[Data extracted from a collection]
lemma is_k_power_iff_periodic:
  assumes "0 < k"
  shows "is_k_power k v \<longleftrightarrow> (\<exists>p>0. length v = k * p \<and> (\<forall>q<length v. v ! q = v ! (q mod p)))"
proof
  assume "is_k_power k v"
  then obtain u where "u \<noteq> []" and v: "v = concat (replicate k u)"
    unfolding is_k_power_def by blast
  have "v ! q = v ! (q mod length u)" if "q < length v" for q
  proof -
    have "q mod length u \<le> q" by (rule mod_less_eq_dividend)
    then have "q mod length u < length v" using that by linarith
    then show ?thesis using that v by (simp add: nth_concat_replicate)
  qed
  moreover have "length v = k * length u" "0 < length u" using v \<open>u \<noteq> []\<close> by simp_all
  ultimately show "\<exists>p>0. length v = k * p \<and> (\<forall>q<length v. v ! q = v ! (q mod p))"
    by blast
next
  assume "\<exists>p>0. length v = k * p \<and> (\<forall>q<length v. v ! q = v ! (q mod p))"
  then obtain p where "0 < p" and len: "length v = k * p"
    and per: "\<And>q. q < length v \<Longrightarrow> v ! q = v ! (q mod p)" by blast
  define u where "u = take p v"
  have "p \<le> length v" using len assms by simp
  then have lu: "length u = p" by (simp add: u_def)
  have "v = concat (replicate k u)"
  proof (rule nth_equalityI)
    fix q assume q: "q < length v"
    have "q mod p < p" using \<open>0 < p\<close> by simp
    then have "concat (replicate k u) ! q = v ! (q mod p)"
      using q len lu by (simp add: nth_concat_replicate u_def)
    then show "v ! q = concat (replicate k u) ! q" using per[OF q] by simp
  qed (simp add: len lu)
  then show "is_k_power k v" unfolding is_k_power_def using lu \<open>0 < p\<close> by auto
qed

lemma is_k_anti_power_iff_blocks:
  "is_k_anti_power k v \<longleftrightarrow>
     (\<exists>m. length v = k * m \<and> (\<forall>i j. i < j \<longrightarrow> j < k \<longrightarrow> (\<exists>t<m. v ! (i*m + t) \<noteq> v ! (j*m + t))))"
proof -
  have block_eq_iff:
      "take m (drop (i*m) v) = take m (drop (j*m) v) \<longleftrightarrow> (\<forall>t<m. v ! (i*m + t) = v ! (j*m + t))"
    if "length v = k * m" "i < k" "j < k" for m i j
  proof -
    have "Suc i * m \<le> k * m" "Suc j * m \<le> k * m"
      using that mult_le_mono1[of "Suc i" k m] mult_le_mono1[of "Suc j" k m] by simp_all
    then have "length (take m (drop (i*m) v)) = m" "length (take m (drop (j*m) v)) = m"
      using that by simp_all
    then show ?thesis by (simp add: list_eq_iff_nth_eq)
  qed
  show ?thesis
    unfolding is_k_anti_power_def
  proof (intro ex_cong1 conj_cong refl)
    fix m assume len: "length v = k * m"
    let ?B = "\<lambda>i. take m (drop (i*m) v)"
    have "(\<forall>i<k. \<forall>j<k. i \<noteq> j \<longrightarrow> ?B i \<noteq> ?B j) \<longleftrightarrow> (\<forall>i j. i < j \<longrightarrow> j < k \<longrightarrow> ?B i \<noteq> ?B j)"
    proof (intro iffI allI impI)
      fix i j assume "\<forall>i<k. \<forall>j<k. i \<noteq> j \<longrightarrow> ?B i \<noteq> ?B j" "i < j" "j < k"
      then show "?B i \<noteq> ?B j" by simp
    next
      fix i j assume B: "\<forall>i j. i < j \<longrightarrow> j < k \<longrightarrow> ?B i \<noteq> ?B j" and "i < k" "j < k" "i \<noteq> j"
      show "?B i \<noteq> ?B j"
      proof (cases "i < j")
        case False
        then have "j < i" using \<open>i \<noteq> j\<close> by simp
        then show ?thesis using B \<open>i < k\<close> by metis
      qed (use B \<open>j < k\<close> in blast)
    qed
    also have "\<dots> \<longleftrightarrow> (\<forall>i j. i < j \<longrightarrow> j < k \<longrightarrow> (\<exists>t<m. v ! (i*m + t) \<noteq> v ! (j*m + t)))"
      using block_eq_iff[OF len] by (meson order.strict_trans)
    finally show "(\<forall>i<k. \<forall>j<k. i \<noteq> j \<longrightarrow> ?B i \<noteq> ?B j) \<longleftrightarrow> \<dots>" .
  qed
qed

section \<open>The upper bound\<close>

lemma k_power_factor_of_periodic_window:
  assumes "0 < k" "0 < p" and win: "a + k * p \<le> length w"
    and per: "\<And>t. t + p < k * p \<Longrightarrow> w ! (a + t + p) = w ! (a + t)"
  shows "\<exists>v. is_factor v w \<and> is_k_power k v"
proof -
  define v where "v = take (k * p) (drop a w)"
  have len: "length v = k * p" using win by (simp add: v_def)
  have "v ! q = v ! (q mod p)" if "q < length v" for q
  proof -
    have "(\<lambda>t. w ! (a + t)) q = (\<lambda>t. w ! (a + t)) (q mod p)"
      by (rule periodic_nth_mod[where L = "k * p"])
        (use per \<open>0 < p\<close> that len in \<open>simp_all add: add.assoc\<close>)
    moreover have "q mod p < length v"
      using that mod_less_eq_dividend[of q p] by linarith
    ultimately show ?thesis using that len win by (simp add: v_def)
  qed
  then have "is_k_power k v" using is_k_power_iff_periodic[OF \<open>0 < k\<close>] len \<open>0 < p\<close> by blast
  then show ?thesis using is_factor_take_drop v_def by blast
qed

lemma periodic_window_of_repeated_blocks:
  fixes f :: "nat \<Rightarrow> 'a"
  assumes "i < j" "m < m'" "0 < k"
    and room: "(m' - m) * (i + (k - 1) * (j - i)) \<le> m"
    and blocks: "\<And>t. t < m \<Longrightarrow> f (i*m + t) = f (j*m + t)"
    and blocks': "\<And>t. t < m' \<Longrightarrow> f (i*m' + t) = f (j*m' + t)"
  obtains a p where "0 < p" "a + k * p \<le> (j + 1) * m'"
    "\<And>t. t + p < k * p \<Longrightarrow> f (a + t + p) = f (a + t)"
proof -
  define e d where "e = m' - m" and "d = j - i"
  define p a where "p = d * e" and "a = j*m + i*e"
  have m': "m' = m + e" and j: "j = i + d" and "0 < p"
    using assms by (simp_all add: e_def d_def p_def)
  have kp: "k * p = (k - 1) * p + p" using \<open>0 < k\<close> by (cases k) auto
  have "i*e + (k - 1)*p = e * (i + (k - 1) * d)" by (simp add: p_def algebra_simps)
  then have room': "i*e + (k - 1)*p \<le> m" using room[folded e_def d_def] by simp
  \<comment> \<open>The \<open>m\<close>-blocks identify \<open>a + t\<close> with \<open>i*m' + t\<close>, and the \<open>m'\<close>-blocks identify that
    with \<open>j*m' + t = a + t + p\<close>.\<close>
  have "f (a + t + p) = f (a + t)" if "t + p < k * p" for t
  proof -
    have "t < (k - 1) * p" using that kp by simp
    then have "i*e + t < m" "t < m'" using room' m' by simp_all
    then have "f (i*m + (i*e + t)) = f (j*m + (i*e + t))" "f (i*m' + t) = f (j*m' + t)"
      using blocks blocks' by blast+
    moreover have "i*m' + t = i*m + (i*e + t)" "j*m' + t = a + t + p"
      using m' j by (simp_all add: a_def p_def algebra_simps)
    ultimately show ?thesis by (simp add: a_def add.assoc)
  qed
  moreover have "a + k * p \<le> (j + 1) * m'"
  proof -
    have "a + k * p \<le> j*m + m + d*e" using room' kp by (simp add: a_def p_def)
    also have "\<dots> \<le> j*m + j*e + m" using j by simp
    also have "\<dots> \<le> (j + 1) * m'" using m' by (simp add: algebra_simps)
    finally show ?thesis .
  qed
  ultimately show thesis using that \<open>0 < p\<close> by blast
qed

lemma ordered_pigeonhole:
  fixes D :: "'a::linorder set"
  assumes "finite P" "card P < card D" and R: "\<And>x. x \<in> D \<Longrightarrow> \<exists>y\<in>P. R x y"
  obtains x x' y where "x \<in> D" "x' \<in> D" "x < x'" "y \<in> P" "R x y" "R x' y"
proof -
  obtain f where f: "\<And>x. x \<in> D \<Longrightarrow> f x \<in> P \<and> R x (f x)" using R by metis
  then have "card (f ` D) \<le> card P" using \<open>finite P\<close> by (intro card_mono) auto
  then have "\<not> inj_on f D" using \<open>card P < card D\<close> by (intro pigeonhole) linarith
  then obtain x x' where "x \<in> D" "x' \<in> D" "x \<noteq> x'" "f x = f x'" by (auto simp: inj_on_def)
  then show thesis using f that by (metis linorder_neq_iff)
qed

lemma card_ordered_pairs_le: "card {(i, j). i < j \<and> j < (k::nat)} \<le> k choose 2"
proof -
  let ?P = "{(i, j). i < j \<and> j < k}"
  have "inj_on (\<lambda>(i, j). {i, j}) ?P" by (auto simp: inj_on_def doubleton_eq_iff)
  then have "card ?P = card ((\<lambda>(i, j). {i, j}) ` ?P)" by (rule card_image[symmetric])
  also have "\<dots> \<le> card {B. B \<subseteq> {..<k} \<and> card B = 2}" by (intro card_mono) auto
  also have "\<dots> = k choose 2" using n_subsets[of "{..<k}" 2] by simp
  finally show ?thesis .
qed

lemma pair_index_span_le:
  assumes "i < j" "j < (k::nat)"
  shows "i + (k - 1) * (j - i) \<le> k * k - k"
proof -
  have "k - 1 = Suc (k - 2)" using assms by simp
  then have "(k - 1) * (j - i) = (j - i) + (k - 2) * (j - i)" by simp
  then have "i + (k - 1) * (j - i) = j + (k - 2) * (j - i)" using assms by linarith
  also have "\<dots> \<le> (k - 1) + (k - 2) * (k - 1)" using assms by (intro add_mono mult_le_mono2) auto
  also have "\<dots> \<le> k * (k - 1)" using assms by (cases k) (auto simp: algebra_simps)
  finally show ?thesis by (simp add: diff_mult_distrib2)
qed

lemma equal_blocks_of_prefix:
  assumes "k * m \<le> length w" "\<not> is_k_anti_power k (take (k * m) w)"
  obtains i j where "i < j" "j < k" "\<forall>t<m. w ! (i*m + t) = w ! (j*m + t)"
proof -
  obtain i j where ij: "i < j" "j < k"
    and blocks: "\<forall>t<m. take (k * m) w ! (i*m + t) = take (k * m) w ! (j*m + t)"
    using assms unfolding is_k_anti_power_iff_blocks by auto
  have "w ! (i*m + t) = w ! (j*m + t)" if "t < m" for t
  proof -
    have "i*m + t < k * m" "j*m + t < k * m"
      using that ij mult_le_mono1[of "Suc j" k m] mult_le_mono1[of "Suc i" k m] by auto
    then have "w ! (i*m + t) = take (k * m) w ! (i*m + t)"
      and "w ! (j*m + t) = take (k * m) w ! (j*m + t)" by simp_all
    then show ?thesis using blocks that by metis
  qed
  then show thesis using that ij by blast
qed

...

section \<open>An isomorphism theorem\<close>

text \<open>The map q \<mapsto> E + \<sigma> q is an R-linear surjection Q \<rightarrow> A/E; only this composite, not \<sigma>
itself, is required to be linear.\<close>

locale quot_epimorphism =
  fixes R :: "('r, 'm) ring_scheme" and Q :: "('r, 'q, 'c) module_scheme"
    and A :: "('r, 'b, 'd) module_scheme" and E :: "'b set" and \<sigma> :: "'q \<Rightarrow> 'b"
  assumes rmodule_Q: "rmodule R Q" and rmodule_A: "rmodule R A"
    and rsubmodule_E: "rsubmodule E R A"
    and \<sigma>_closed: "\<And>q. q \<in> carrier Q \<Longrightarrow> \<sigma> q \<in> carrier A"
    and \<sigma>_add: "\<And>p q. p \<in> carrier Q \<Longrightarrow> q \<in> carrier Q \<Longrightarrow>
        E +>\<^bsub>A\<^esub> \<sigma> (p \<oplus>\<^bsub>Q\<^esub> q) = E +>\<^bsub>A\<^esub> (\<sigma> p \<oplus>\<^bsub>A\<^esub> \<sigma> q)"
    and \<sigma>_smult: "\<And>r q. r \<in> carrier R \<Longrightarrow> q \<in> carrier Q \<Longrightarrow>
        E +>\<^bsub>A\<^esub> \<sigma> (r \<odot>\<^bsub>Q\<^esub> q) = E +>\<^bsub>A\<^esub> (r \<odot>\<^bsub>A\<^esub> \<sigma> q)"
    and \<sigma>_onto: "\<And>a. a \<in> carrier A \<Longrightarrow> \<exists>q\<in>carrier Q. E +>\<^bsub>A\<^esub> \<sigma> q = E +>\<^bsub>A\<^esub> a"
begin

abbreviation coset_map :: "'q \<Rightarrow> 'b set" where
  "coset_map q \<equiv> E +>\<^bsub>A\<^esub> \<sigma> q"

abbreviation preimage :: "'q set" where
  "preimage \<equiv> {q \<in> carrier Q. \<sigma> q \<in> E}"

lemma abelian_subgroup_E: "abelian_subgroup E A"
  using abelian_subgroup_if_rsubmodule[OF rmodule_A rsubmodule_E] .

==

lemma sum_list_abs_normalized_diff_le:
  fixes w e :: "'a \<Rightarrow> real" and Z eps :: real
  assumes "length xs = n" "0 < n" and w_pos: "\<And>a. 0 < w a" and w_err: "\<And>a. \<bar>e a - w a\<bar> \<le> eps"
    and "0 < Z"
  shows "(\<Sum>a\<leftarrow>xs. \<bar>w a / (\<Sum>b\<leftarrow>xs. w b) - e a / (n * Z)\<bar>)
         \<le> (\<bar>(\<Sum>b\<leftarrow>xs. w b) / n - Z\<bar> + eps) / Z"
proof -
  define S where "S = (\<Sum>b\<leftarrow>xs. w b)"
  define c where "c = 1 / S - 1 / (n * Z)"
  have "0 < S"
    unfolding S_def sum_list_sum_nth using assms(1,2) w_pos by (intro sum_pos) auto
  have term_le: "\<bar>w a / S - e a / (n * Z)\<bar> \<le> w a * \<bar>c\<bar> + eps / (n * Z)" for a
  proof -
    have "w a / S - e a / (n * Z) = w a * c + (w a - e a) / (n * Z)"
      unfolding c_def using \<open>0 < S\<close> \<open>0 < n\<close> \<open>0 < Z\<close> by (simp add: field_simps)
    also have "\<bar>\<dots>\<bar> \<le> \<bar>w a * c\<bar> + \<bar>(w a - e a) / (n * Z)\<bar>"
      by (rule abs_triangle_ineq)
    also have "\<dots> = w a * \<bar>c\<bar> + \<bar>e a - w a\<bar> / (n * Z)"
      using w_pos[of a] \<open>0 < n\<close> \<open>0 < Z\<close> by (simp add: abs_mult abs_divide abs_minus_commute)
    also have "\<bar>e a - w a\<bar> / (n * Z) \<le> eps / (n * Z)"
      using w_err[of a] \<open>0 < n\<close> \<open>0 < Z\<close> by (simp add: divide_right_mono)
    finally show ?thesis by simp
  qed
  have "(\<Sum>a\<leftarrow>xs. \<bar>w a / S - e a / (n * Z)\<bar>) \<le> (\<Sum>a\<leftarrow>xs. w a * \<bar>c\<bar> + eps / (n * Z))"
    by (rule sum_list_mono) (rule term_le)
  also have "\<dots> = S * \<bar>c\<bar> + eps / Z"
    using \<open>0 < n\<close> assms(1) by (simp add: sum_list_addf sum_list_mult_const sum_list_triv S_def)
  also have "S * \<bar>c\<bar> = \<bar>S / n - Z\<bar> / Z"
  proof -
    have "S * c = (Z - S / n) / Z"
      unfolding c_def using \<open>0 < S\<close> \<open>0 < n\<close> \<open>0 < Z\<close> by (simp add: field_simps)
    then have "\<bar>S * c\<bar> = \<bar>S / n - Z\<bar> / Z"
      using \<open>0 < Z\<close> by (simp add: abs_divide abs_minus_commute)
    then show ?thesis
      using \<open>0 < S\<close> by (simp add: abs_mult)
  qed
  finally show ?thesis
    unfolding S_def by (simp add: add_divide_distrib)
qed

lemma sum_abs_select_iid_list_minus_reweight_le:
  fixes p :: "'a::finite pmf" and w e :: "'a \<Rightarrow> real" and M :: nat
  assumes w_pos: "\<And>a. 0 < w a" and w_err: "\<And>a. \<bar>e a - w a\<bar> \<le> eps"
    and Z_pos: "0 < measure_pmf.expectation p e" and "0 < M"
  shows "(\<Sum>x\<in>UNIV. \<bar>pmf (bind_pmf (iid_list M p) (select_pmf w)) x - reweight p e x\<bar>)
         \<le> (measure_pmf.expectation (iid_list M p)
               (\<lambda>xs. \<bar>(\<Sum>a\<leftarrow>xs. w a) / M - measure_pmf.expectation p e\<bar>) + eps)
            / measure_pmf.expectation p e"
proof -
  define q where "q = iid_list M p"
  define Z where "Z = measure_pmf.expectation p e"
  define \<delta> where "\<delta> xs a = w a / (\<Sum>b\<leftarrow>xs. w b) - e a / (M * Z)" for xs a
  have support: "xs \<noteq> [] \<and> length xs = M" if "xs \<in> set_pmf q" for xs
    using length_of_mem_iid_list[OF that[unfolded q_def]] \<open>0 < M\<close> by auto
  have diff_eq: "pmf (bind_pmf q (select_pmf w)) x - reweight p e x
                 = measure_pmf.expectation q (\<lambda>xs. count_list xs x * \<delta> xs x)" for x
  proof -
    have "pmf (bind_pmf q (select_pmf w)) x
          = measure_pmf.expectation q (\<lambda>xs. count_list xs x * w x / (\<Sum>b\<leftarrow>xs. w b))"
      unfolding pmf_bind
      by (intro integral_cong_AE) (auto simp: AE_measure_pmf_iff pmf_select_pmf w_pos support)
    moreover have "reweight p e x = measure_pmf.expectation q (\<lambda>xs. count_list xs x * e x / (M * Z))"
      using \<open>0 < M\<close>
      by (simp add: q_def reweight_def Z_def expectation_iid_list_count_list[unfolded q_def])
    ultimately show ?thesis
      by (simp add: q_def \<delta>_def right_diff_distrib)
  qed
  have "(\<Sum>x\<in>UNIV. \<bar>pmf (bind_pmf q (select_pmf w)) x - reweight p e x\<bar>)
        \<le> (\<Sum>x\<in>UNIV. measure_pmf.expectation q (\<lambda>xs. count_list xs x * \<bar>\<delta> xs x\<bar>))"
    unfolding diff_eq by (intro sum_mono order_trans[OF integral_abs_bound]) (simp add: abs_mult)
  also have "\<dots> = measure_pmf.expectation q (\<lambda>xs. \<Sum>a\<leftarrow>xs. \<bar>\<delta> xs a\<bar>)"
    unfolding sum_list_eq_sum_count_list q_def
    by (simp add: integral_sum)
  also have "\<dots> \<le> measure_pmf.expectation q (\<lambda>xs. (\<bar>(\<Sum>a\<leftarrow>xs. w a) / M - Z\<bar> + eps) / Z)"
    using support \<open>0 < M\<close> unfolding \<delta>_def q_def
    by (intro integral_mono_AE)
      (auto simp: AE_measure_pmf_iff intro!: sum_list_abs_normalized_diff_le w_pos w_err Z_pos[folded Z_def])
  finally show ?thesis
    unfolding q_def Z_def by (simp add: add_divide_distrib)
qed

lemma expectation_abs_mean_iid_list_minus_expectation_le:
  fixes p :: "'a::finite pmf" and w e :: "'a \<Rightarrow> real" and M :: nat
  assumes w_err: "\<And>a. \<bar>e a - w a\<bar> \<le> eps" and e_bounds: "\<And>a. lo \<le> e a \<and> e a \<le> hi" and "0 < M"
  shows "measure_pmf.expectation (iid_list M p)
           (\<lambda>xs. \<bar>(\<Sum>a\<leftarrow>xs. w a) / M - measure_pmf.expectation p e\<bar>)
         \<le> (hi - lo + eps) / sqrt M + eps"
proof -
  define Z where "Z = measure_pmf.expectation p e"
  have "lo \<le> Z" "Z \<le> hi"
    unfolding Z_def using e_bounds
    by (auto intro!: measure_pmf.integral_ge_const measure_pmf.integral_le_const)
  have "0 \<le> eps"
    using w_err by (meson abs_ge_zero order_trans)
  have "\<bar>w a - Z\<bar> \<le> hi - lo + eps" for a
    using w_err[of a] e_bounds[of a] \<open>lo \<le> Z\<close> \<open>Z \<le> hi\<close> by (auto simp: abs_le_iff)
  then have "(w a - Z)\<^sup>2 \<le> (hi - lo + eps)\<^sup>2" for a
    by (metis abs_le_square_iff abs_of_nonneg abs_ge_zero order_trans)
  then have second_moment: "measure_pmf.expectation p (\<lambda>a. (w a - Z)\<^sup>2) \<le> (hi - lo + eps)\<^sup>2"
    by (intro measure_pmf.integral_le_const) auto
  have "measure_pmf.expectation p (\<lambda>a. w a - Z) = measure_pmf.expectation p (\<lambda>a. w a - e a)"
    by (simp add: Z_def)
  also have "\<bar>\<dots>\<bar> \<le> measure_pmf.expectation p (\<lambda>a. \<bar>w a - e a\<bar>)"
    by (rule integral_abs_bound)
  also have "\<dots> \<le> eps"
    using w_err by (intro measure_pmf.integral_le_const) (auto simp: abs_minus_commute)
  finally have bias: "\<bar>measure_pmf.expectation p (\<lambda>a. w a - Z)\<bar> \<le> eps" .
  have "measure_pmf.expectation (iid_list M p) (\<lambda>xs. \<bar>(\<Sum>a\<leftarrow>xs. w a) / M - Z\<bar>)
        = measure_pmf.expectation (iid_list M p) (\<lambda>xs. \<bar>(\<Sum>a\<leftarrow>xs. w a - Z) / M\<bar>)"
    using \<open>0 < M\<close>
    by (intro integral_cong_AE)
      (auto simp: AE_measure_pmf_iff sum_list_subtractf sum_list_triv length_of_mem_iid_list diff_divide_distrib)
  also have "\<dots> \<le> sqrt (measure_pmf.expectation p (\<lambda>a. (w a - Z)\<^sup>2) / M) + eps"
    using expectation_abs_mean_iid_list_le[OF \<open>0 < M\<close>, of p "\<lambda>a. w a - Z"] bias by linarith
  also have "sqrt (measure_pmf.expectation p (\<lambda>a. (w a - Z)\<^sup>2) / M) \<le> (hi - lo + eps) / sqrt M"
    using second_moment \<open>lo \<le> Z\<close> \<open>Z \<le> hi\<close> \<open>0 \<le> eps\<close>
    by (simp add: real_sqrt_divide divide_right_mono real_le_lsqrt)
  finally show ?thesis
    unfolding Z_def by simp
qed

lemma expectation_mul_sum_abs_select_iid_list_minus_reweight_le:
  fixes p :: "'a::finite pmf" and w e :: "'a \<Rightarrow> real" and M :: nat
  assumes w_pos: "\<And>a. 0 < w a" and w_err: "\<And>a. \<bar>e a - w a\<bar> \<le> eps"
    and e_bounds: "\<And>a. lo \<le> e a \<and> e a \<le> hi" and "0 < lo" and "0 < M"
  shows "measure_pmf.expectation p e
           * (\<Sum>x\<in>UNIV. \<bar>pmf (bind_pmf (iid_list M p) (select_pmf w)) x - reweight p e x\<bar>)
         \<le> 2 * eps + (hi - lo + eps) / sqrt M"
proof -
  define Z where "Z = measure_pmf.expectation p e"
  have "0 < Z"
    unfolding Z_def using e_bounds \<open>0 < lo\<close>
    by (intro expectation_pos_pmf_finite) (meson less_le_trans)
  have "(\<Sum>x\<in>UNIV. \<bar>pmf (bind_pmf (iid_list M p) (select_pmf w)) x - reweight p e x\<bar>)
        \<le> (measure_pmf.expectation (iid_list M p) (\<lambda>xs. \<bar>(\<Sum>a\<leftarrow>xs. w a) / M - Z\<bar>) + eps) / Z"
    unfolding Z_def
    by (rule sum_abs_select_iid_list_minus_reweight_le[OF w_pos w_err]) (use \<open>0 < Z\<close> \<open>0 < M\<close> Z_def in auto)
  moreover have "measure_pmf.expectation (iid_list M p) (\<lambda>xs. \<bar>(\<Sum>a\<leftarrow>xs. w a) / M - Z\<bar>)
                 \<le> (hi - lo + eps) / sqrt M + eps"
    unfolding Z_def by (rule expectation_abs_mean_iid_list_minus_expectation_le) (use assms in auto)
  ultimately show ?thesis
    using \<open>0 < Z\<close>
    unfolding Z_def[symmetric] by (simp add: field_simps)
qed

▸ Your assignment
Could you retype exactly the lines above, starting at the line that contains "f (j*m + (i*e" and ending at the line that contains "obtain f where", and nothing more?

▸ Worked solution
    then have "f (i*m + (i*e + t)) = f (j*m + (i*e + t))" "f (i*m' + t) = f (j*m' + t)"
      using blocks blocks' by blast+
    moreover have "i*m' + t = i*m + (i*e + t)" "j*m' + t = a + t + p"
      using m' j by (simp_all add: a_def p_def algebra_simps)
    ultimately show ?thesis by (simp add: a_def add.assoc)
  qed
  moreover have "a + k * p \<le> (j + 1) * m'"
  proof -
    have "a + k * p \<le> j*m + m + d*e" using room' kp by (simp add: a_def p_def)
    also have "\<dots> \<le> j*m + j*e + m" using j by simp
    also have "\<dots> \<le> (j + 1) * m'" using m' by (simp add: algebra_simps)
    finally show ?thesis .
  qed
  ultimately show thesis using that \<open>0 < p\<close> by blast
qed

lemma ordered_pigeonhole:
  fixes D :: "'a::linorder set"
  assumes "finite P" "card P < card D" and R: "\<And>x. x \<in> D \<Longrightarrow> \<exists>y\<in>P. R x y"
  obtains x x' y where "x \<in> D" "x' \<in> D" "x < x'" "y \<in> P" "R x y" "R x' y"
proof -
  obtain f where f: "\<And>x. x \<in> D \<Longrightarrow> f x \<in> P \<and> R x (f x)" using R by metis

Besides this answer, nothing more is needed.